RECORDS SUPPLIED Block Start
lemma sets_lebesgue_fst_closed:
  fixes H :: "('a::euclidean_space \<times> ('b::euclidean_space \<times> (nat \<Rightarrow> nat))) set"
  assumes "closed H"
  shows "fst ` H \<in> sets lebesgue"
proof -
  define H' where "H' R = H \<inter> (cball 0 (real R) \<times> UNIV)" for R :: nat
  have "fst ` H' R \<in> sets lebesgue" for R
  proof (rule sets_lebesgue_fst_closed_bounded)
    show "closed (H' R)"
      unfolding H'_def using assms by (intro closed_Int closed_Times) auto
    have "fst ` H' R \<subseteq> cball 0 (real R)"
      unfolding H'_def by auto
    then show "bounded (fst ` H' R)"
      using bounded_subset by blast
  qed
  moreover have "fst ` H = (\<Union>R. fst ` H' R)"
  proof (intro equalityI subsetI)
    fix x assume "x \<in> fst ` H"
    moreover obtain R :: nat where "norm x \<le> real R"
      using real_arch_simple by blast
    ultimately show "x \<in> (\<Union>R. fst ` H' R)"
      unfolding H'_def by force
  qed (auto simp: H'_def)
  ultimately show ?thesis
    by auto
qed

lemma sets_lebesgue_suslin_sum:
  fixes A B :: "'a::euclidean_space set"
  assumes "suslin A" "suslin B"
  shows "{x. \<exists>y. x - y \<in> A \<and> y \<in> B} \<in> sets lebesgue"
proof -
  obtain F :: "('a \<times> (nat \<Rightarrow> nat)) set" where F: "closed F" "A = fst ` F"
    using assms(1) unfolding suslin_def by blast
  obtain G :: "('a \<times> (nat \<Rightarrow> nat)) set" where G: "closed G" "B = fst ` G"
    using assms(2) unfolding suslin_def by blast
  text \<open>The witnesses for \<open>x - y \<in> A\<close> and \<open>y \<in> B\<close> are interleaved into one.\<close>
  define H :: "('a \<times> ('a \<times> (nat \<Rightarrow> nat))) set" where
    "H = (\<lambda>(x, y, \<rho>). (x - y, \<lambda>k. \<rho> (2 * k))) -` F \<inter> (\<lambda>(x, y, \<rho>). (y, \<lambda>k. \<rho> (2 * k + 1))) -` G"
  have "continuous_on UNIV (\<lambda>z::'a \<times> 'a \<times> (nat \<Rightarrow> nat). snd (snd z) j)" for j
    by (intro continuous_on_product_then_coordinatewise[where f = "\<lambda>z. snd (snd z)"] continuous_intros)
  then have "continuous_on UNIV (\<lambda>z::'a \<times> 'a \<times> (nat \<Rightarrow> nat). (fst z - fst (snd z), \<lambda>k. snd (snd z) (2 * k)))"
    and "continuous_on UNIV (\<lambda>z::'a \<times> 'a \<times> (nat \<Rightarrow> nat). (fst (snd z), \<lambda>k. snd (snd z) (2 * k + 1)))"
    by (auto intro!: continuous_on_Pair continuous_on_diff continuous_on_fst continuous_on_snd continuous_on_id
        continuous_on_coordinatewise_then_product)
  then have "closed H"
    unfolding H_def case_prod_beta by (intro closed_Int closed_vimage F(1) G(1))
  moreover have "{x. \<exists>y. x - y \<in> A \<and> y \<in> B} = fst ` H"
  proof (intro equalityI subsetI)
    fix x assume "x \<in> {x. \<exists>y. x - y \<in> A \<and> y \<in> B}"
    then obtain y \<sigma> \<tau> where st: "(x - y, \<sigma>) \<in> F" "(y, \<tau>) \<in> G"
      using F(2) G(2) by force
    define \<rho> where "\<rho> j = (if even j then \<sigma> (j div 2) else \<tau> (j div 2))" for j
    have "(\<lambda>k. \<rho> (2 * k)) = \<sigma>" "(\<lambda>k. \<rho> (2 * k + 1)) = \<tau>"
      by (auto simp: \<rho>_def)
    then have "(x, y, \<rho>) \<in> H"
      using st by (simp add: H_def)
    then show "x \<in> fst ` H"
      by force
  next
    fix x assume "x \<in> fst ` H"
    then show "x \<in> {x. \<exists>y. x - y \<in> A \<and> y \<in> B}"
      using F(2) G(2) unfolding H_def by force
  qed
  ultimately show ?thesis
    using sets_lebesgue_fst_closed by metis
qed

section \<open>Measurability of the convolutions\<close>

lemma suslin_vimage_borel:
  fixes f :: "'a::metric_space \<Rightarrow> 'b::topological_space"
  assumes "f \<in> borel_measurable borel" "U \<in> sets borel"
  shows "suslin {x. f x \<in> U}"
  using suslin_borel[OF measurable_sets[OF assms]] by (simp add: vimage_def)

theorem lemma2:
  fixes f g :: "'a::euclidean_space \<Rightarrow> ereal"
  assumes "f \<in> borel_measurable borel" and "g \<in> borel_measurable borel"
  shows "sup_min_conv f g \<in> borel_measurable lebesgue \<and>
         inf_max_conv f g \<in> borel_measurable lebesgue"
proof
  show "sup_min_conv f g \<in> borel_measurable lebesgue"
  proof (rule borel_measurableI_greater)
    fix a :: ereal
    have "{x \<in> space lebesgue. a < sup_min_conv f g x} =
        {x. \<exists>y. x - y \<in> {u. f u \<in> {a<..}} \<and> y \<in> {u. g u \<in> {a<..}}}"
      by (auto simp: sup_min_conv_def less_SUP_iff)
    also have "\<dots> \<in> sets lebesgue"
      by (intro sets_lebesgue_suslin_sum suslin_vimage_borel assms borel_open open_greaterThan)
    finally show "{x \<in> space lebesgue. a < sup_min_conv f g x} \<in> sets lebesgue" .
  qed
  show "inf_max_conv f g \<in> borel_measurable lebesgue"
  proof (rule borel_measurableI_less)
    fix a :: ereal
    have "{x \<in> space lebesgue. inf_max_conv f g x < a} =
        {x. \<exists>y. x - y \<in> {u. f u \<in> {..<a}} \<and> y \<in> {u. g u \<in> {..<a}}}"
      by (auto simp: inf_max_conv_def INF_less_iff)
    also have "\<dots> \<in> sets lebesgue"
      by (intro sets_lebesgue_suslin_sum suslin_vimage_borel assms borel_open open_lessThan)
    finally show "{x \<in> space lebesgue. inf_max_conv f g x < a} \<in> sets lebesgue" .
  qed
qed

end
RECORDS SUPPLIED Block End
▶ **WHAT YOU NEED TO DO**: State how many lines of the listing include "auto", and write nothing else.

▶ **ANSWER SPACE**: 8